Analysis of the income levels of various licensed professions may help to evaluate the marginal impacts, including the impact on capital formation, of allowing for this type of qualification when compared to the current population of accredited investors. For example, certain licensed individuals may already qualify as accredited investors because of their income or net worth. White also noted that the inclusion of more financially sophisticated investors in the definition of accredited investor should increase the extent of the expert review of issuances.

Responding to a question on liquidity, the SEC chair said that expanding the pool of accredited investors potentially could increase the liquidity available for private market investments, although any change in the pool of accredited investors must consider the qualifications of the investors added to or subtracted from the pool. The Commission staff is considering the degree to which the size and composition of the pool of accredited investors could affect liquidity and issuers' ability to raise capital through private offerings. This consideration will include an analysis of the potential overlaps in the various pools of investors that could exist under various definitions.

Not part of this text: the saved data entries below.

lemma finite_compositions_of: "finite X \<Longrightarrow> finite (compositions_of X)"
proof (induction "card X" arbitrary: X rule: less_induct)
  case less
  show ?case
  proof (cases "X = {}")
    case False
    have "card (X - B) < card X" if "B \<subseteq> X" "B \<noteq> {}" for B
      using that less.prems by (intro psubset_card_mono) auto
    then have "finite (compositions_of (X - B))" if "B \<subseteq> X" "B \<noteq> {}" for B
      using that less by simp
    then show ?thesis
      unfolding compositions_of_nonempty[OF False] using less.prems
      by (intro finite_imageI finite_SigmaI) (auto intro: finite_subset[of _ "Pow X"])
  qed simp
qed

section \<open>The function \<open>R\<close> on a finite index set\<close>

(* Removing a first block from {1..n} leaves an arbitrary finite index set; c plays the role of t_0. *)
definition Rset :: "('b::comm_ring_1 \<Rightarrow> nat \<Rightarrow> 'b) \<Rightarrow> ('a \<Rightarrow> 'b) \<Rightarrow> 'b \<Rightarrow> 'a set \<Rightarrow> 'b" where
  "Rset r g c X = (\<Sum>\<gamma>\<in>compositions_of X. (-1) ^ (card X + length \<gamma>) *
      (\<Prod>k<length \<gamma>. r (c * prod g (\<Union>(set (take k \<gamma>)))) (card (\<gamma> ! k))))"

lemma Rset_empty [simp]: "Rset r g c {} = 1"
  by (simp add: Rset_def)

lemma Union_take_composition_subset:
  "\<gamma> \<in> compositions_of X \<Longrightarrow> \<Union>(set (take k \<gamma>)) \<subseteq> X"
  using set_take_subset by (fastforce simp: compositions_of_def)
lemma holomorphic_hurwitz_continuation_step:
  assumes b: "Re b \<ge> 4" and hol: "E holomorphic_on {s. Re s > 1 - real N}"
    and E: "\<And>w. Re w > 1 \<Longrightarrow> E w = (w - 1) * hurwitz_zeta b w"
  shows "hurwitz_continuation_step b E holomorphic_on {s. Re s > 1 - real (Suc N)}"
proof -
  define f where "f i s = ((1 - s) gchoose Suc i) / of_nat (i + 2) * E (s + of_nat (Suc i))" for i s
  have "(\<lambda>s. \<Sum>i. f i s) holomorphic_on {s. Re s > 1 - real (Suc N)}"
  proof (rule holomorphic_on_suminf_local_majorant)
    show "open {s. Re s > 1 - real (Suc N)}" by (rule open_halfspace_Re_gt)
    have "(E \<circ> (\<lambda>s. s + of_nat (Suc i))) holomorphic_on {s. Re s > 1 - real (Suc N)}" for i
      by (rule holomorphic_on_compose_gen[OF _ hol]) (auto intro: holomorphic_intros)
    then show "f i holomorphic_on {s. Re s > 1 - real (Suc N)}" for i
      unfolding f_def[abs_def] o_def by (intro holomorphic_intros holomorphic_gbinomial_one_minus) auto
  next
    fix x :: complex
    define A where "A = norm (1 - x) + 1"
    obtain M i0 where M: "\<And>i y. i \<ge> i0 \<Longrightarrow> y \<in> ball x 1 \<Longrightarrow> norm (E (y + of_nat (Suc i))) \<le> M / 2 ^ i"
      using norm_shifted_hurwitz_continuation_le[OF b E] by blast
    have bound: "norm (f i y) \<le> pochhammer A (Suc i) / fact (Suc i) * (M / 2 ^ i)"
      if "i \<ge> i0" "y \<in> ball x 1" for i y
    proof -
      have "norm (1 - y) \<le> A"
        using that norm_triangle_ineq[of "1 - x" "x - y"] by (simp add: A_def dist_norm)
      then show ?thesis
        unfolding f_def norm_mult
        by (intro mult_mono' norm_gbinomial_div_le_pochhammer) (use M[OF that] in auto)
    qed
    show "\<exists>d h. 0 < d \<and> summable h \<and> (\<forall>\<^sub>F i in sequentially.
        \<forall>y\<in>ball x d \<inter> {s. Re s > 1 - real (Suc N)}. norm (f i y) \<le> h i)"
    proof (intro exI conjI)
      show "\<forall>\<^sub>F i in sequentially. \<forall>y\<in>ball x 1 \<inter> {s. Re s > 1 - real (Suc N)}.
          norm (f i y) \<le> pochhammer A (Suc i) / fact (Suc i) * (M / 2 ^ i)"
        unfolding eventually_sequentially using bound by blast
    qed (use summable_pochhammer_Suc_div_power2 in auto)
  qed
  then show ?thesis
    unfolding hurwitz_continuation_step_def[abs_def] f_def by (intro holomorphic_intros)
qed

primrec hurwitz_continuation :: "complex \<Rightarrow> nat \<Rightarrow> complex \<Rightarrow> complex" where
  "hurwitz_continuation b 0 = (\<lambda>s. (s - 1) * hurwitz_zeta b s)"
| "hurwitz_continuation b (Suc N) = hurwitz_continuation_step b (hurwitz_continuation b N)"

lemma hurwitz_continuation_eq:
  "Re b \<ge> 2 \<Longrightarrow> Re s > 1 \<Longrightarrow> hurwitz_continuation b N s = (s - 1) * hurwitz_zeta b s"
proof (induction N arbitrary: s)
  case (Suc N)
  then show ?case by (simp add: hurwitz_continuation_step_eq)
qed simp

lemma holomorphic_hurwitz_continuation:
  assumes "Re b \<ge> 4"
  shows "hurwitz_continuation b N holomorphic_on {s. Re s > 1 - real N}"
proof (induction N)
  case 0
  show ?case
    using holomorphic_hurwitz_zeta[of b] assms by (auto intro!: holomorphic_intros)
next
  case (Suc N)
  have "hurwitz_continuation_step b (hurwitz_continuation b N) holomorphic_on {s. Re s > 1 - real (Suc N)}"
    using assms Suc.IH hurwitz_continuation_eq[of b] by (intro holomorphic_hurwitz_continuation_step) auto
  then show ?case by simp
qed

lemma entire_hurwitz_continuation:
  assumes "Re b \<ge> 4"
  obtains E where "E holomorphic_on UNIV" "E 1 = 1"
    "\<And>s. Re s > 1 \<Longrightarrow> E s = (s - 1) * hurwitz_zeta b s"
proof -
  have "Re b \<ge> 2" "b \<noteq> 0" using assms by auto
  have hol: "hurwitz_continuation b N holomorphic_on {s. Re s > 1 - real N}" for N
    using assms by (rule holomorphic_hurwitz_continuation)
  have agree: "hurwitz_continuation b N s = hurwitz_continuation b 0 s" if "Re s > 1" for N s
    using hurwitz_continuation_eq[OF \<open>Re b \<ge> 2\<close> that] by simp
  obtain E where "E holomorphic_on UNIV"
    and E: "\<And>N s. Re s > 1 - real N \<Longrightarrow> E s = hurwitz_continuation b N s"
    using entire_of_halfplane_extensions[OF hol agree] by blast
  moreover have "E 1 = 1"
    using E[of 1 1] \<open>b \<noteq> 0\<close> by (simp add: hurwitz_continuation_step_at_1)
  moreover have "E s = (s - 1) * hurwitz_zeta b s" if "Re s > 1" for s
    using E[of 0 s] that by simp
  ultimately show ?thesis using that by blast
qed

For example, if there is significant overlap with the set of individuals who would qualify under an income or net worth test, then including criteria other than income and net worth to determine whether an individual meets the accredited investor standard may not materially change the pool of accredited investors. If, however, including criteria other than income and net worth seems likely to increase the pool, then further analysis could include evaluating possible investment levels by those additional investors, and evaluating potential impacts on capital formation.

Responding to a congressional query on whether reliance on a qualified broker or registered investment adviser should enable ordinary investors to participate in Regulation D Rule 506 offerings, Chair White assured them that question is one of many factors that the staff will consider.
White added that obtaining the advice of a professional adviser may enhance an investor's ability to make an informed investment decision, and therefore strengthen investor protection in Rule 506 offerings. White cautioned, however, that an investor's use of such an adviser may not necessarily measure the investor's understanding of the risks of the investment. As part of its review, the staff may determine that it is feasible to analyze the extent to which investors file claims against professional advisers arising from investments in unregistered offerings. Such an analysis may assist in evaluating the level of protection afforded to investors when relying on professional advisers.

Noting that the Regulation D 506 market raises equity capital in excess of one trillion dollars annually, a level exceeding that of the combined public debt and equity markets, the representatives asked the macro question of whether diminishing the pool of eligible investors could potentially harm U.S. GDP.

Chair White replied that the staff review of the definition of accredited investor will consider the potential economic consequences of using alternative criteria to qualify as an accredited investor. Indeed, understanding these potential economic consequences will be an integral component of the review, and an essential part of the staff’s work during this process.